Your objective:
Work out how many lines in the following entries contain the string "lparr", and write only that number.

__________

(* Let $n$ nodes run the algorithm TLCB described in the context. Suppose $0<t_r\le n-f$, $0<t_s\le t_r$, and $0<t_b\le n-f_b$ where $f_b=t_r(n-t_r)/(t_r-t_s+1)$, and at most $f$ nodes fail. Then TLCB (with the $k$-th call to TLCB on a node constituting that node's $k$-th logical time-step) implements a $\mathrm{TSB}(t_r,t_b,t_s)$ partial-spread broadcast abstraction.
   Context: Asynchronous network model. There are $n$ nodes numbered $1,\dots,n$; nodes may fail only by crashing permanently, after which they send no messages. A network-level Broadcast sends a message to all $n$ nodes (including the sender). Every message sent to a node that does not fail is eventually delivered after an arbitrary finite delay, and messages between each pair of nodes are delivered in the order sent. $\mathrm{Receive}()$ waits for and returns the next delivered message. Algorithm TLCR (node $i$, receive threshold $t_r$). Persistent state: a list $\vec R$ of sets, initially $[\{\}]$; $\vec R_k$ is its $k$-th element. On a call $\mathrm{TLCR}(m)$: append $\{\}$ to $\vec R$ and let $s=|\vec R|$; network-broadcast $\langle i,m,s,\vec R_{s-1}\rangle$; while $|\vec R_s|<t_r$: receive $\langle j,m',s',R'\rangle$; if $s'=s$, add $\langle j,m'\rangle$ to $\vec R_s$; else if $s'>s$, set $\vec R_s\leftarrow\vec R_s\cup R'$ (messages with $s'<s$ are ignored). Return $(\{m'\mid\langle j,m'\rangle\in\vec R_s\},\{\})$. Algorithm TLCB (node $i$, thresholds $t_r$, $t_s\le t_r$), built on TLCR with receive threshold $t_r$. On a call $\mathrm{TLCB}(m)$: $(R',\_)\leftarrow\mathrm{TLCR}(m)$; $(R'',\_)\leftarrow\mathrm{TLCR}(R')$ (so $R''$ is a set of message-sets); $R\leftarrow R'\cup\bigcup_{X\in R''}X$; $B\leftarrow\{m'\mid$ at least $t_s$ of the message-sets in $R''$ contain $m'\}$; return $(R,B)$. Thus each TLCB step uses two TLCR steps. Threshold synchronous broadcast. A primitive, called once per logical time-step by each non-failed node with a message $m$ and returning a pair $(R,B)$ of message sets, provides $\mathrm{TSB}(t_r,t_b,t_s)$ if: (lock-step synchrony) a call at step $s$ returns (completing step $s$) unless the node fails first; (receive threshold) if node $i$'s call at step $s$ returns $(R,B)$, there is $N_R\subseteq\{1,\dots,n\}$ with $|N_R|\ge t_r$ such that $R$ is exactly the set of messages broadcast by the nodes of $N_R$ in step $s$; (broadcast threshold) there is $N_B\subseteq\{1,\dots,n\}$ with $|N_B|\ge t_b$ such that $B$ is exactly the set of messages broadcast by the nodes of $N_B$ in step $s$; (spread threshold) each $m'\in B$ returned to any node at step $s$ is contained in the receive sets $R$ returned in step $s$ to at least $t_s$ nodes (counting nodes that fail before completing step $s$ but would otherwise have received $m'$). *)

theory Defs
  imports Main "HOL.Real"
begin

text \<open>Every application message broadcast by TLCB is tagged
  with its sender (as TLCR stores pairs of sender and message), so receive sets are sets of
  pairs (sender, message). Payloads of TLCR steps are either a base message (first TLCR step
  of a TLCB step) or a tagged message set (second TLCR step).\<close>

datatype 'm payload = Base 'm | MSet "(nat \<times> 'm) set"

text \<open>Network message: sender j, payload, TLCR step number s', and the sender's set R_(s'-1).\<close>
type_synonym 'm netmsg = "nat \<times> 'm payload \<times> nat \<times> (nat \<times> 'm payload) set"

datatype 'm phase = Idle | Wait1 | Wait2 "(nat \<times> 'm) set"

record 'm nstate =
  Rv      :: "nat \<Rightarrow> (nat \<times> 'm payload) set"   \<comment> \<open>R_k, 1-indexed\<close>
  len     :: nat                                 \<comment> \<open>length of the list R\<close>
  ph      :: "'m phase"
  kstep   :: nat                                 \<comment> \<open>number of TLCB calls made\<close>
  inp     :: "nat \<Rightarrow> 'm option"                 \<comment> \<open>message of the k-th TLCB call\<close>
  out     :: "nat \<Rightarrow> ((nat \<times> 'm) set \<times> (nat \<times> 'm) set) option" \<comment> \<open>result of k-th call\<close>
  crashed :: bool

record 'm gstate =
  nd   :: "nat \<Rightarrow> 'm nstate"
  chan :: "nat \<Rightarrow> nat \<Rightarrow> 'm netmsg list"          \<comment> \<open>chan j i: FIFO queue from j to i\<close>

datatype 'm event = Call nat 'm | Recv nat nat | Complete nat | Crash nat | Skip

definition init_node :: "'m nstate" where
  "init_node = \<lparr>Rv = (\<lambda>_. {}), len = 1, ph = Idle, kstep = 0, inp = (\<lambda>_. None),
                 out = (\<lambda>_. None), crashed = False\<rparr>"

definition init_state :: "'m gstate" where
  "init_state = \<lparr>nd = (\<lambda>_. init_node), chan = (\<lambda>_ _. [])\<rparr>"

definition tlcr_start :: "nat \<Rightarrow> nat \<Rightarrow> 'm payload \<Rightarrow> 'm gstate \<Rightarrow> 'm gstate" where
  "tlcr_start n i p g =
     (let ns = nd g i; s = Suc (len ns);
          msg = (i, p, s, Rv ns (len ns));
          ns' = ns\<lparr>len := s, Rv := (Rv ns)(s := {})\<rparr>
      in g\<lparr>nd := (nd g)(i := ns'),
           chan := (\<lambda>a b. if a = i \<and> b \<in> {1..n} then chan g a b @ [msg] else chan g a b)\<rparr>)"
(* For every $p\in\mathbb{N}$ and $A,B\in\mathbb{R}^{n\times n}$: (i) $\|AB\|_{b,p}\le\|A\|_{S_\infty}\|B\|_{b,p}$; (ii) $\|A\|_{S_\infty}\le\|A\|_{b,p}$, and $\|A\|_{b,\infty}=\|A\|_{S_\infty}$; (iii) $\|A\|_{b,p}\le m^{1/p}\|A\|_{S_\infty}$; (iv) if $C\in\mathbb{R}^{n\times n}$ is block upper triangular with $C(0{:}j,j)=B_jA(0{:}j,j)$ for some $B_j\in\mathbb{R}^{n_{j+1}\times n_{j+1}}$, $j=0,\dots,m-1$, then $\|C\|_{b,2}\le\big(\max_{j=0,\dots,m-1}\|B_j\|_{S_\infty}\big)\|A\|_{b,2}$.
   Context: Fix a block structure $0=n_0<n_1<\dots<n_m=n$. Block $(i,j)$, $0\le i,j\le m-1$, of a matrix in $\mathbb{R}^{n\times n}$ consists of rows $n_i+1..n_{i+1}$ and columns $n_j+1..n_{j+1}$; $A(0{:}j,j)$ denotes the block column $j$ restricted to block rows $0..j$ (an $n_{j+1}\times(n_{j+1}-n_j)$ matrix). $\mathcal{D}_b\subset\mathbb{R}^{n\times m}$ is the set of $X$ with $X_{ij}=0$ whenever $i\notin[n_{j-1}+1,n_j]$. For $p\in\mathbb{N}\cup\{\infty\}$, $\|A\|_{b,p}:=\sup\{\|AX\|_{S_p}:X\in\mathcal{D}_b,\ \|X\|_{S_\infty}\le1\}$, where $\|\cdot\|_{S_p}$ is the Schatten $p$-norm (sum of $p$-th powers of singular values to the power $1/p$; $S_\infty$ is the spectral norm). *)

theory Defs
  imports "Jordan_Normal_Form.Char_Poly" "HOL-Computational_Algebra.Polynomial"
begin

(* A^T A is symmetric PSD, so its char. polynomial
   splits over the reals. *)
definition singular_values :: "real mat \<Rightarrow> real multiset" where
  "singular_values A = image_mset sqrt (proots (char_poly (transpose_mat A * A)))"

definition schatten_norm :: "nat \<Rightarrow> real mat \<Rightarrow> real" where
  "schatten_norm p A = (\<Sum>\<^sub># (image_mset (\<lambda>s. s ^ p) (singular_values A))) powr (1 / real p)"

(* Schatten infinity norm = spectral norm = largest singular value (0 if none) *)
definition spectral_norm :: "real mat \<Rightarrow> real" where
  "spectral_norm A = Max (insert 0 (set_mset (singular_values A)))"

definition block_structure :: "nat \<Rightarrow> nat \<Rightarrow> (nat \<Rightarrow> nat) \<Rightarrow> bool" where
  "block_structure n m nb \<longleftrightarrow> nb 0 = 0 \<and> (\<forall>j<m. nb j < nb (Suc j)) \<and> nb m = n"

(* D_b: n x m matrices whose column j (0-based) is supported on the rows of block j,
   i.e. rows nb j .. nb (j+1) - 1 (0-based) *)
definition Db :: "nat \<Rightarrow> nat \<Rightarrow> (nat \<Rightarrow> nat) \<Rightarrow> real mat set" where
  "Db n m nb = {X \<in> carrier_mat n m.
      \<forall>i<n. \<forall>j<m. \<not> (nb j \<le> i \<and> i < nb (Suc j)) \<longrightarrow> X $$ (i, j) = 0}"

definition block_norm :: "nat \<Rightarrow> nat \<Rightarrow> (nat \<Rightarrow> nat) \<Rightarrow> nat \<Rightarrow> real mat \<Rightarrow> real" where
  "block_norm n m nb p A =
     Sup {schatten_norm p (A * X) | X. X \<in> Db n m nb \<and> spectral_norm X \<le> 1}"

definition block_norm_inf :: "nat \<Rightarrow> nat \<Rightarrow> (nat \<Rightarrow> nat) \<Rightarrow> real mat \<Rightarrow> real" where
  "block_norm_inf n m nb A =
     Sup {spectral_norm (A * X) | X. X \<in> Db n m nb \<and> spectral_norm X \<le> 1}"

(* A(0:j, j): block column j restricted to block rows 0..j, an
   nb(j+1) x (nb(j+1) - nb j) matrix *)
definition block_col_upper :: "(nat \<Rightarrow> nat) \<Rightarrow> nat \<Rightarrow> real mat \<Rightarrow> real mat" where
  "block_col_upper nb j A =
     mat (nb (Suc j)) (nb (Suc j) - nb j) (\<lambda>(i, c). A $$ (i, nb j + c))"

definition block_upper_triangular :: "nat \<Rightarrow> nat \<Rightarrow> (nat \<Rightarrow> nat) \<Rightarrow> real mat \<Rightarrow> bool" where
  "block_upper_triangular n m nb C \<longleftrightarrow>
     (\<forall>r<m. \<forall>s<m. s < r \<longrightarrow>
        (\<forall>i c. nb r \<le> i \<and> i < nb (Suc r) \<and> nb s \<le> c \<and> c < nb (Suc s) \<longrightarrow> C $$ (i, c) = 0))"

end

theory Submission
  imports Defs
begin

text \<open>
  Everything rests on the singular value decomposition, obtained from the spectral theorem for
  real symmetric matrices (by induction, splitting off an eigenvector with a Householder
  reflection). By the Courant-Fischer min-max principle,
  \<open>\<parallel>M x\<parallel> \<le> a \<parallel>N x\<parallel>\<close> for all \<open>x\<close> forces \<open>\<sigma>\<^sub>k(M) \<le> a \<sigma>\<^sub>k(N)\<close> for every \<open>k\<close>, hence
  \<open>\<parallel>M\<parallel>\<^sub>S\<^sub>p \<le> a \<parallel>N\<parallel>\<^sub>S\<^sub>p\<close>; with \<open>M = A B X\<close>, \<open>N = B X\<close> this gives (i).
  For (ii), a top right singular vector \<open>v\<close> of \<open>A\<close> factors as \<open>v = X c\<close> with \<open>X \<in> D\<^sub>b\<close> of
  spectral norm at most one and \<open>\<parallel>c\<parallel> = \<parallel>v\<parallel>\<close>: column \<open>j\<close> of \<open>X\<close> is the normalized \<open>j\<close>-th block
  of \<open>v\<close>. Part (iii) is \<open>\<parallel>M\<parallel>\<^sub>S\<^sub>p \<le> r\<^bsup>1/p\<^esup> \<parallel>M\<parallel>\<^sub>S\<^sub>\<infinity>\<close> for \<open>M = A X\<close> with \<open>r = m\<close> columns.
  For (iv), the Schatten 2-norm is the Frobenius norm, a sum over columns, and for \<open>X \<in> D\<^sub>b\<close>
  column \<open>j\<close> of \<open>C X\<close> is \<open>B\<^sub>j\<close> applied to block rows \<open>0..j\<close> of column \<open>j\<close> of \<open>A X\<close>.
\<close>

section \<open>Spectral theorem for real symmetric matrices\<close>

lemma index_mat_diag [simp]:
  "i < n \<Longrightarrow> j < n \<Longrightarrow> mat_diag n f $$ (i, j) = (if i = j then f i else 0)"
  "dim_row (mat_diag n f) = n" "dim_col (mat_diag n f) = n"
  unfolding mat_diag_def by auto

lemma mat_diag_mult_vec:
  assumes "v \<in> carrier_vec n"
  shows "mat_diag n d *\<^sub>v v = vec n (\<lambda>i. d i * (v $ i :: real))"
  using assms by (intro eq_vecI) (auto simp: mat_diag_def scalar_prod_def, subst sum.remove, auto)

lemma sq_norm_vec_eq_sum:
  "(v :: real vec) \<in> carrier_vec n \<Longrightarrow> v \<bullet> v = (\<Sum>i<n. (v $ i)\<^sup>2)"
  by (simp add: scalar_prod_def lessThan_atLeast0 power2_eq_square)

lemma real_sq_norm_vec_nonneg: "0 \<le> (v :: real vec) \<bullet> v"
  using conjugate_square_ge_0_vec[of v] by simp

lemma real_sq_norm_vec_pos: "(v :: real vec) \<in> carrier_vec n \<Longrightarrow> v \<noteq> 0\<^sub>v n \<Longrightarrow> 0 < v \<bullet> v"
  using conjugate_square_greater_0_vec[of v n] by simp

__________

Solved problem:
4